----- Task material
lemma sign_changes_imp_roots:
  fixes p :: "real poly"
  assumes range: "\<And>s. s < t \<Longrightarrow> \<gamma> s \<in> {a..b}"
    and increasing: "\<And>s. Suc s < t \<Longrightarrow> \<gamma> s < \<gamma> (Suc s)"
    and sign_change: "\<And>s. Suc s < t \<Longrightarrow> poly p (\<gamma> s) * poly p (\<gamma> (Suc s)) < 0"
  obtains Z where "finite Z" "card Z = t - 1" "Z \<subseteq> {a<..<b}" "\<And>z. z \<in> Z \<Longrightarrow> poly p z = 0"
proof -
  have "\<forall>s. \<exists>x. Suc s < t \<longrightarrow> \<gamma> s < x \<and> x < \<gamma> (Suc s) \<and> poly p x = 0"
    using poly_IVT[OF increasing sign_change] by blast
  then obtain z where z: "\<And>s. Suc s < t \<Longrightarrow> \<gamma> s < z s \<and> z s < \<gamma> (Suc s) \<and> poly p (z s) = 0"
    by metis
  have z_range: "z s \<in> {a<..<b}" if "s < t - 1" for s
  proof -
    have "Suc s < t" using that by simp
    then have "a \<le> \<gamma> s" and "\<gamma> (Suc s) \<le> b" using range[of s] range[of "Suc s"] by auto
    then show ?thesis using z[OF \<open>Suc s < t\<close>] by auto
  qed
  have "strict_mono_on {..<t - 1} z"
  proof (rule strict_mono_on_lessThanI)
    fix s assume "Suc s < t - 1"
    then have "z s < \<gamma> (Suc s)" and "\<gamma> (Suc s) < z (Suc s)" using z[of s] z[of "Suc s"] by auto
    then show "z s < z (Suc s)" by (rule order.strict_trans)
  qed
  then have "card (z ` {..<t - 1}) = t - 1"
    by (simp add: card_image strict_mono_on_imp_inj_on)
  moreover have "z ` {..<t - 1} \<subseteq> {a<..<b}"
    using z_range by blast
  moreover have "poly p x = 0" if "x \<in> z ` {..<t - 1}" for x
    using that z by (auto simp: less_diff_conv)
  ultimately show thesis by (intro that) auto
qed

lemma equiosc_diff_sign_changes:
  fixes f g :: "real poly"
  assumes "equiosc t a b f" and "supnorm_on a b g < supnorm_on a b f"
  obtains \<gamma> where "\<And>s. s < t \<Longrightarrow> \<gamma> s \<in> {a..b}" and "\<And>s. Suc s < t \<Longrightarrow> \<gamma> s < \<gamma> (Suc s)"
    and "\<And>s. Suc s < t \<Longrightarrow> poly (f - g) (\<gamma> s) * poly (f - g) (\<gamma> (Suc s)) < 0"
proof -
  obtain \<gamma> where \<gamma>_range: "\<And>s. s < t \<Longrightarrow> \<gamma> s \<in> {a..b}"
    and \<gamma>_increasing: "\<And>s. Suc s < t \<Longrightarrow> \<gamma> s < \<gamma> (Suc s)"
    and \<gamma>_max: "\<And>s. s < t \<Longrightarrow> \<bar>poly f (\<gamma> s)\<bar> = supnorm_on a b f"
    and \<gamma>_alternating: "\<And>s. s < t \<Longrightarrow> poly f (\<gamma> s) = (- 1) ^ s * poly f (\<gamma> 0)"
    using assms(1) unfolding equiosc_def atLeastAtMost_iff by blast
  have f_dominates: "\<bar>poly g (\<gamma> s)\<bar> < \<bar>poly f (\<gamma> s)\<bar>" if "s < t" for s
    using supnorm_on_upper[OF \<gamma>_range[OF that], of g] \<gamma>_max[OF that] assms(2) by simp
  have same_sign: "0 < poly (f - g) (\<gamma> s) * poly f (\<gamma> s)" if "s < t" for s
    using f_dominates[OF that]
    by (cases "0 < poly f (\<gamma> s)") (auto simp: abs_less_iff abs_if zero_less_mult_iff split: if_splits)
  have "poly (f - g) (\<gamma> s) * poly (f - g) (\<gamma> (Suc s)) < 0" if "Suc s < t" for s
  proof -
    have "poly f (\<gamma> s) * poly f (\<gamma> (Suc s)) = - (poly f (\<gamma> 0))\<^sup>2"
      using \<gamma>_alternating[of s] \<gamma>_alternating[of "Suc s"] that
      by (simp add: power2_eq_square algebra_simps)
    moreover have "poly f (\<gamma> 0) \<noteq> 0" using f_dominates[of 0] that by auto
    ultimately have "poly f (\<gamma> s) * poly f (\<gamma> (Suc s)) < 0" by simp
    with same_sign[of s] same_sign[of "Suc s"] that show ?thesis
      by (metis Suc_lessD mult_less_0_iff order_less_imp_not_less zero_less_mult_iff)
  qed
  with \<gamma>_range \<gamma>_increasing show thesis by (rule that)
qed

lemma equiosc_supnorm_minimal:
  fixes f g :: "real poly"
  assumes "equiosc t a b f" and "degree f \<le> n" and "degree g \<le> n"
    and "finite A" and "A \<inter> {a<..<b} = {}" and "\<And>x. x \<in> A \<Longrightarrow> poly f x = poly g x"
    and "n < t - 1 + card A"
  shows "supnorm_on a b f \<le> supnorm_on a b g"
proof (rule ccontr)
  assume "\<not> supnorm_on a b f \<le> supnorm_on a b g"
  then have less: "supnorm_on a b g < supnorm_on a b f" by simp
  obtain Z where "finite Z" "card Z = t - 1" "Z \<subseteq> {a<..<b}" "\<And>z. z \<in> Z \<Longrightarrow> poly (f - g) z = 0"
    using equiosc_diff_sign_changes[OF assms(1) less] sign_changes_imp_roots by metis
  moreover have "card (Z \<union> A) = card Z + card A"
    using calculation assms(4,5) by (intro card_Un_disjoint) auto
  ultimately have "f = g"
    using assms(2,3,6,7) by (intro poly_eqI_degree[of "Z \<union> A"]) auto
  then show False using less by simp
qed

lemma r_node_eq_cheb_node:
  "r_node \<alpha> s t = \<alpha> / (1 + cos (pi / (2 * real t))) * (cheb_node t s + cos (pi / (2 * real t)))"
  unfolding r_node_def cheb_node_def by simp

lemma r_node_le:
  assumes "0 \<le> \<alpha>"
  shows "r_node \<alpha> s t \<le> \<alpha>"
proof -
  have "r_node \<alpha> s t \<le> \<alpha> / (1 + cos (pi / (2 * real t))) * (1 + cos (pi / (2 * real t)))"
    unfolding r_node_eq_cheb_node using assms cos_pi_div_double_nonneg[of t]
    by (intro mult_left_mono) (simp_all add: cheb_node_def)
  then show ?thesis using cos_pi_div_double_nonneg[of t] by simp
qed

lemma r_node_last: "1 \<le> t \<Longrightarrow> r_node \<alpha> (t - 1) t = 0"
proof -
  assume "1 \<le> t"
  then have "pi * (real (t - 1) + 1 / 2) / real t = pi - pi / (2 * real t)"
    by (simp add: of_nat_diff field_simps)
  then show ?thesis unfolding r_node_def by simp
qed

lemma degree_f_star_le: "degree (f_star \<alpha> \<beta> t) \<le> t"
proof -
  have "degree (f_star \<alpha> \<beta> t) \<le> (\<Sum>s<t. degree (smult (1 / (\<beta> - r_node \<alpha> s t)) [:- r_node \<alpha> s t, 1:]))"
    unfolding f_star_def by (rule order.trans[OF degree_prod_sum_le]) (simp_all add: o_def)
  also have "\<dots> \<le> (\<Sum>s<t. 1)"
    by (intro sum_mono order.trans[OF degree_smult_le]) simp
  finally show ?thesis by simp
qed

lemma poly_f_star_0: "1 \<le> t \<Longrightarrow> poly (f_star \<alpha> \<beta> t) 0 = 0"
  using r_node_last[of t \<alpha>] unfolding f_star_def poly_prod
  by (subst prod_zero_iff) (auto intro!: bexI[of _ "t - 1"])

lemma poly_f_star_beta:
  assumes "0 \<le> \<alpha>" "\<alpha> < \<beta>"
  shows "poly (f_star \<alpha> \<beta> t) \<beta> = 1"
  unfolding f_star_def poly_prod
proof (intro prod.neutral ballI)
  fix s
  have "\<beta> - r_node \<alpha> s t \<noteq> 0" using r_node_le[OF assms(1), of s t] assms(2) by simp
  then show "poly (smult (1 / (\<beta> - r_node \<alpha> s t)) [:- r_node \<alpha> s t, 1:]) \<beta> = 1"
    by (simp add: diff_divide_distrib[symmetric])
qed

lemma poly_f_star_eq_cheb_poly:
  fixes \<alpha> \<beta> :: real
  assumes "1 \<le> t"
  defines "c \<equiv> cos (pi / (2 * real t))"
  defines "a \<equiv> \<alpha> / (1 + c)"
  assumes "a \<noteq> 0"
  shows "poly (f_star \<alpha> \<beta> t) x
           = (\<Prod>s<t. a / (\<beta> - r_node \<alpha> s t)) / 2 ^ (t - 1) * poly (cheb_poly t) (x / a - c)"
proof -
  have "poly (f_star \<alpha> \<beta> t) x = (\<Prod>s<t. a / (\<beta> - r_node \<alpha> s t) * (x / a - c - cheb_node t s))"
  proof (unfold f_star_def poly_prod, rule prod.cong)
    fix s
    have "x - r_node \<alpha> s t = a * (x / a - c - cheb_node t s)"
      using \<open>a \<noteq> 0\<close> unfolding r_node_eq_cheb_node a_def[symmetric] c_def[symmetric]
      by (simp add: algebra_simps)
    then show "poly (smult (1 / (\<beta> - r_node \<alpha> s t)) [:- r_node \<alpha> s t, 1:]) x
        = a / (\<beta> - r_node \<alpha> s t) * (x / a - c - cheb_node t s)"
      by (simp add: diff_divide_distrib[symmetric])
  qed simp
  also have "\<dots> = (\<Prod>s<t. a / (\<beta> - r_node \<alpha> s t)) * poly (\<Prod>s<t. [:- cheb_node t s, 1:]) (x / a - c)"
    unfolding poly_prod prod.distrib[symmetric] by simp
  finally show ?thesis
    by (simp add: cheb_poly_eq_prod_cheb_node[OF assms(1)])
qed

lemma equiosc_f_star:
  assumes "0 < \<alpha>" and "1 \<le> t"
  shows "equiosc t 0 \<alpha> (f_star \<alpha> \<beta> t)"
proof -
  define c where "c = cos (pi / (2 * real t))"
  define a where "a = \<alpha> / (1 + c)"
  have "0 \<le> c" unfolding c_def by (rule cos_pi_div_double_nonneg)
  then have "0 < a" and \<alpha>_eq: "\<alpha> = a * (1 + c)" unfolding a_def using assms(1) by simp_all
  define K where "K = (\<Prod>s<t. a / (\<beta> - r_node \<alpha> s t)) / 2 ^ (t - 1)"
  have "poly (f_star \<alpha> \<beta> t) x = K * poly (cheb_poly t) (x / a - c)" for x
    using \<open>0 < a\<close> unfolding K_def a_def c_def by (intro poly_f_star_eq_cheb_poly[OF assms(2)]) linarith
  then have "equiosc t 0 (a * (1 + c)) (f_star \<alpha> \<beta> t)"
    unfolding c_def by (intro equiosc_scaled_cheb_poly[OF assms(2) \<open>0 < a\<close>])
  then show ?thesis unfolding \<alpha>_eq[symmetric] .
qed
----------
__Task statement__
Please write out, exactly as they appear above, only the lines in the stretch from the line with "t) \<le> (\<Sum>s<t." through the line with "using r_node_last[of t".

__Answer area__
  have "degree (f_star \<alpha> \<beta> t) \<le> (\<Sum>s<t. degree (smult (1 / (\<beta> - r_node \<alpha> s t)) [:- r_node \<alpha> s t, 1:]))"
    unfolding f_star_def by (rule order.trans[OF degree_prod_sum_le]) (simp_all add: o_def)
  also have "\<dots> \<le> (\<Sum>s<t. 1)"
    by (intro sum_mono order.trans[OF degree_smult_le]) simp
  finally show ?thesis by simp
qed

lemma poly_f_star_0: "1 \<le> t \<Longrightarrow> poly (f_star \<alpha> \<beta> t) 0 = 0"
  using r_node_last[of t \<alpha>] unfolding f_star_def poly_prod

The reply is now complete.